I included a command set -o vi & sudo -l user -c script in profile.d and /etc/profile. unfortunately the script has some command that logs me out every time I try to login from all users including root user. this is happening from GUI. can I login to prompt directly? or is there an alternate way out?
If you haven't rebooted the system, your login shell for root is bash , and someone is still logged in, commandeer their terminal and try:
su - root login --noprofile
This will leave you with a bash running as root without the benefit of the actions normally run by /etc/profile , ~/.bash_profile , ~/.bash_login , and ~/.profile . With any luck, that would enable you to remove the disastrous changes you made to /etc/profile .
If root's login shell is not bash , check the man page for the shell root uses on your system and see if it provides a similar way to disable using /etc/profile when you login.

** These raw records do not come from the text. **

lemma abs_inner_F_le:
  assumes "t \<in> {0..1}"
  shows "\<bar>2 * (z \<bullet> F t z)\<bar> \<le> 2 * bound * (z \<bullet> z)"
proof -
  have "\<bar>z \<bullet> F t z\<bar> \<le> norm z * norm (F t z)" by (rule Cauchy_Schwarz_ineq2)
  also have "\<dots> \<le> norm z * (bound * norm z)" using assms by (intro mult_left_mono norm_F_le) auto
  finally show ?thesis by (simp add: dot_square_norm power2_eq_square abs_mult mult_ac)
qed

lemma norm_solution_bounds:
  assumes sol: "solution x0 x" and t: "t \<in> {0..1}"
  shows "norm (x t) \<le> exp bound * norm x0" and "norm x0 \<le> exp bound * norm (x t)"
proof -
  define \<phi> where "\<phi> s = x s \<bullet> x s" for s
  define \<phi>' where "\<phi>' s = 2 * (x s \<bullet> F s (x s))" for s
  have cont: "continuous_on {0..1} \<phi>"
    using sol unfolding \<phi>_def solution_def by (auto intro!: continuous_intros)
  have deriv: "(\<phi> has_real_derivative \<phi>' s) (at s)" if "0 < s" "s < 1" for s
    unfolding \<phi>_def[abs_def] \<phi>'_def using has_real_derivative_inner_solution[OF sol that] .
  have up: "\<phi>' s \<le> 2 * bound * \<phi> s" and down: "- (2 * bound) * \<phi> s \<le> \<phi>' s"
    if "0 < s" "s < 1" for s
    using abs_inner_F_le[of s "x s"] that by (auto simp: \<phi>_def \<phi>'_def abs_le_iff)
  have nonneg: "0 \<le> \<phi> s" for s by (simp add: \<phi>_def)
  have exp_le: "exp (2 * bound * (t - 0)) \<le> exp bound ^ 2"
    using t bound_pos by (simp add: exp_double[symmetric])
  have "\<phi> t \<le> exp (2 * bound * (t - 0)) * \<phi> 0"
    by (rule gronwall_forward[OF cont deriv up t])
  also have "\<dots> \<le> exp bound ^ 2 * \<phi> 0" by (rule mult_right_mono[OF exp_le nonneg])
  finally have "norm (x t) ^ 2 \<le> (exp bound * norm x0) ^ 2"
    using sol by (simp add: \<phi>_def solution_def power2_norm_eq_inner power_mult_distrib)
  then show "norm (x t) \<le> exp bound * norm x0" by (rule power2_le_imp_le) simp
  have "\<phi> 0 \<le> exp (2 * bound * (t - 0)) * \<phi> t"
    by (rule gronwall_backward[OF cont deriv down t])
  also have "\<dots> \<le> exp bound ^ 2 * \<phi> t" by (rule mult_right_mono[OF exp_le nonneg])
  finally have "norm x0 ^ 2 \<le> (exp bound * norm (x t)) ^ 2"
    using sol by (simp add: \<phi>_def solution_def power2_norm_eq_inner power_mult_distrib)
  then show "norm x0 \<le> exp bound * norm (x t)" by (rule power2_le_imp_le) simp
qed

lemma solution_lincomb:
  assumes "solution x0 x" "solution y0 y"
  shows "solution (a *\<^sub>R x0 + b *\<^sub>R y0) (\<lambda>t. a *\<^sub>R x t + b *\<^sub>R y t)"
  unfolding solution_def
proof (intro conjI ballI)
  show "a *\<^sub>R x 0 + b *\<^sub>R y 0 = a *\<^sub>R x0 + b *\<^sub>R y0"
    using assms by (simp add: solution_def)
  show "continuous_on {0..1} (\<lambda>t. a *\<^sub>R x t + b *\<^sub>R y t)"
    using assms unfolding solution_def by (intro continuous_intros) auto
  fix t :: real assume "t \<in> {0<..<1}"
  then have "(x has_vector_derivative F t (x t)) (at t)" "(y has_vector_derivative F t (y t)) (at t)"
    using assms by (auto simp: solution_def)
  then have "((\<lambda>t. a *\<^sub>R x t + b *\<^sub>R y t) has_vector_derivative
      a *\<^sub>R F t (x t) + b *\<^sub>R F t (y t)) (at t)"
    by (intro has_vector_derivative_add
        bounded_linear.has_vector_derivative[OF bounded_linear_scaleR_right])
  then show "((\<lambda>t. a *\<^sub>R x t + b *\<^sub>R y t) has_vector_derivative
      F t (a *\<^sub>R x t + b *\<^sub>R y t)) (at t)"
    by (simp add: linear_add[OF linear_F] linear_scale[OF linear_F])
qed

lemma solution_unique:
  assumes "solution x0 x" "solution x0 y" "t \<in> {0..1}"
  shows "x t = y t"
proof -
  have "solution 0 (\<lambda>t. x t - y t)"
    using solution_lincomb[OF assms(1,2), of 1 "-1"] by simp
  from norm_solution_bounds(1)[OF this assms(3)] show ?thesis by simp
qed

definition flow :: "'a \<Rightarrow> real \<Rightarrow> 'a" where
  "flow x0 = (SOME x. solution x0 x)"

lemma solution_flow: "solution x0 (flow x0)"
  unfolding flow_def using someI_ex[OF solution_exists] .

lemma flow_eq: "solution x0 x \<Longrightarrow> t \<in> {0..1} \<Longrightarrow> flow x0 t = x t"
  using solution_unique[OF solution_flow] .

lemma linear_flow:
  assumes t: "t \<in> {0..1}"
  shows "linear (\<lambda>x0. flow x0 t)"
proof (rule linearI)
  fix x0 y0 :: 'a and c :: real
  show "flow (x0 + y0) t = flow x0 t + flow y0 t"
    using flow_eq[OF solution_lincomb[OF solution_flow solution_flow, of 1 x0 1 y0] t] by simp
  show "flow (c *\<^sub>R x0) t = c *\<^sub>R flow x0 t"
    using flow_eq[OF solution_lincomb[OF solution_flow solution_flow, of c x0 0 x0] t] by simp
qed

lemma flow_0: "flow x0 0 = x0"
  and continuous_on_flow: "continuous_on {0..1} (flow x0)"
  and has_vector_derivative_flow:
    "0 < t \<Longrightarrow> t < 1 \<Longrightarrow> (flow x0 has_vector_derivative F t (flow x0 t)) (at t)"
  using solution_flow[of x0] by (auto simp: solution_def)

lemma norm_flow_le: "t \<in> {0..1} \<Longrightarrow> norm (flow x0 t) \<le> exp bound * norm x0"
  and norm_le_flow: "t \<in> {0..1} \<Longrightarrow> norm x0 \<le> exp bound * norm (flow x0 t)"
  using norm_solution_bounds[OF solution_flow] by auto

lemma inj_flow:
  assumes "t \<in> {0..1}"
  shows "inj (\<lambda>x0. flow x0 t)"
  unfolding linear_inj_iff_eq_0[OF linear_flow[OF assms]]
  using norm_le_flow[OF assms] by (metis mult_zero_right norm_eq_zero norm_le_zero_iff)

lemma dim_flow_image:
  assumes "t \<in> {0..1}"
  shows "dim ((\<lambda>x0. flow x0 t) ` S) = dim S"
  by (rule dim_image_eq[OF linear_flow[OF assms]]) (use inj_flow[OF assms] in \<open>auto intro: inj_on_subset\<close>)

end

section \<open>Curves whose velocities stay in their span\<close>

lemma subspace_finite_equations:
  fixes V :: "'a::euclidean_space set"
  assumes "subspace V"
  obtains E where "finite E" "V = {y. \<forall>e\<in>E. e \<bullet> y = 0}"
proof -
  obtain E where E: "E \<subseteq> orthogonal_comp V" "independent E" "orthogonal_comp V \<subseteq> span E"
    by (rule basis_exists[of "orthogonal_comp V"])
  have "y \<in> V \<longleftrightarrow> (\<forall>e\<in>E. e \<bullet> y = 0)" for y
  proof
    assume "y \<in> V"
    then show "\<forall>e\<in>E. e \<bullet> y = 0"
      using E(1) by (force simp: orthogonal_comp_def orthogonal_def inner_commute)
  next
    assume "\<forall>e\<in>E. e \<bullet> y = 0"
    then have "orthogonal y w" if "w \<in> orthogonal_comp V" for w
      using orthogonal_to_span[of w E y] E(3) that by (auto simp: orthogonal_def inner_commute)
    then have "y \<in> orthogonal_comp (orthogonal_comp V)"
      by (auto simp: orthogonal_comp_def orthogonal_def inner_commute)
    then show "y \<in> V" using orthogonal_comp_self[OF assms] by simp
  qed
  then show ?thesis using that finiteI_independent[OF E(2)] by blast
qed

lemma quadratic_form_le:
  fixes y :: "'b \<Rightarrow> real"
  assumes fin: "finite B" and a: "\<And>c d. c \<in> B \<Longrightarrow> d \<in> B \<Longrightarrow> \<bar>a c d\<bar> \<le> C"
  shows "(\<Sum>c\<in>B. \<Sum>d\<in>B. 2 * a c d * y c * y d) \<le> 2 * C * card B * (\<Sum>c\<in>B. (y c)\<^sup>2)"
proof -
  have "2 * a c d * y c * y d \<le> C * (y c)\<^sup>2 + C * (y d)\<^sup>2" if "c \<in> B" "d \<in> B" for c d
  proof -
    have "2 * a c d * y c * y d \<le> \<bar>2 * a c d * y c * y d\<bar>" by (rule abs_ge_self)
    also have "\<dots> = \<bar>a c d\<bar> * (2 * \<bar>y c\<bar> * \<bar>y d\<bar>)" by (simp add: abs_mult)
    also have "\<dots> \<le> C * ((y c)\<^sup>2 + (y d)\<^sup>2)"
      using a[OF that] sum_squares_bound[of "\<bar>y c\<bar>" "\<bar>y d\<bar>"]
      by (intro mult_mono) (auto simp: mult_ac)
    finally show ?thesis by (simp add: distrib_left)
  qed
  then have "(\<Sum>c\<in>B. \<Sum>d\<in>B. 2 * a c d * y c * y d) \<le> (\<Sum>c\<in>B. \<Sum>d\<in>B. C * (y c)\<^sup>2 + C * (y d)\<^sup>2)"
    by (intro sum_mono) auto
  also have "\<dots> = (\<Sum>c\<in>B. \<Sum>d\<in>B. C * (y c)\<^sup>2) + (\<Sum>c\<in>B. \<Sum>d\<in>B. C * (y d)\<^sup>2)"
    by (simp only: sum.distrib)
  also have "\<dots> = 2 * C * card B * (\<Sum>c\<in>B. (y c)\<^sup>2)"
    by (simp add: sum_distrib_left mult_ac)
  finally show ?thesis .
qed

lemma velocity_in_span_growth:
  assumes fin: "finite B"
    and a: "\<And>c. c \<in> B \<Longrightarrow> D c = (\<Sum>d\<in>B. a c d *\<^sub>R X d) \<and> (\<forall>d\<in>B. \<bar>a c d\<bar> \<le> C)"
  shows "(\<Sum>c\<in>B. 2 * (e \<bullet> X c) * (e \<bullet> D c)) \<le> 2 * C * card B * (\<Sum>c\<in>B. (e \<bullet> X c)\<^sup>2)"
proof -
  have "(\<Sum>c\<in>B. 2 * (e \<bullet> X c) * (e \<bullet> D c)) = (\<Sum>c\<in>B. \<Sum>d\<in>B. 2 * a c d * (e \<bullet> X c) * (e \<bullet> X d))"
    using a by (simp add: inner_sum_right sum_distrib_left mult_ac)
  also have "\<dots> \<le> 2 * C * card B * (\<Sum>c\<in>B. (e \<bullet> X c)\<^sup>2)"
    using a by (intro quadratic_form_le[OF fin]) auto
  finally show ?thesis .
qed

Thanks for the replies, unfortunately I couldn't find a way out so I had to blow it out(forutnately new machine). However, I have to define the same script to run at the startup. Its an executable(db2start). What do you recommend?
I recommend that you seriously reconsider what you're trying to do. Why in the world would you want every user who logs in to a system to be required to assume the duties of database administrator for that system???
If you want to do something when the system reboots, add an init script that runs when the system starts running in multi-user mode (after the necessary filesystems have been mounted, network interfaces initialized, ...).
Can you share the script you are thinking of putting in place? There could be something simple that is missing, such as you source a file that doesn't exist, or an error that is not handled in some way. A description of what you are trying to achieve would be useful to so we can understand why you feel the need to do this.
Hopefully we can then suggest ways to protect yourself.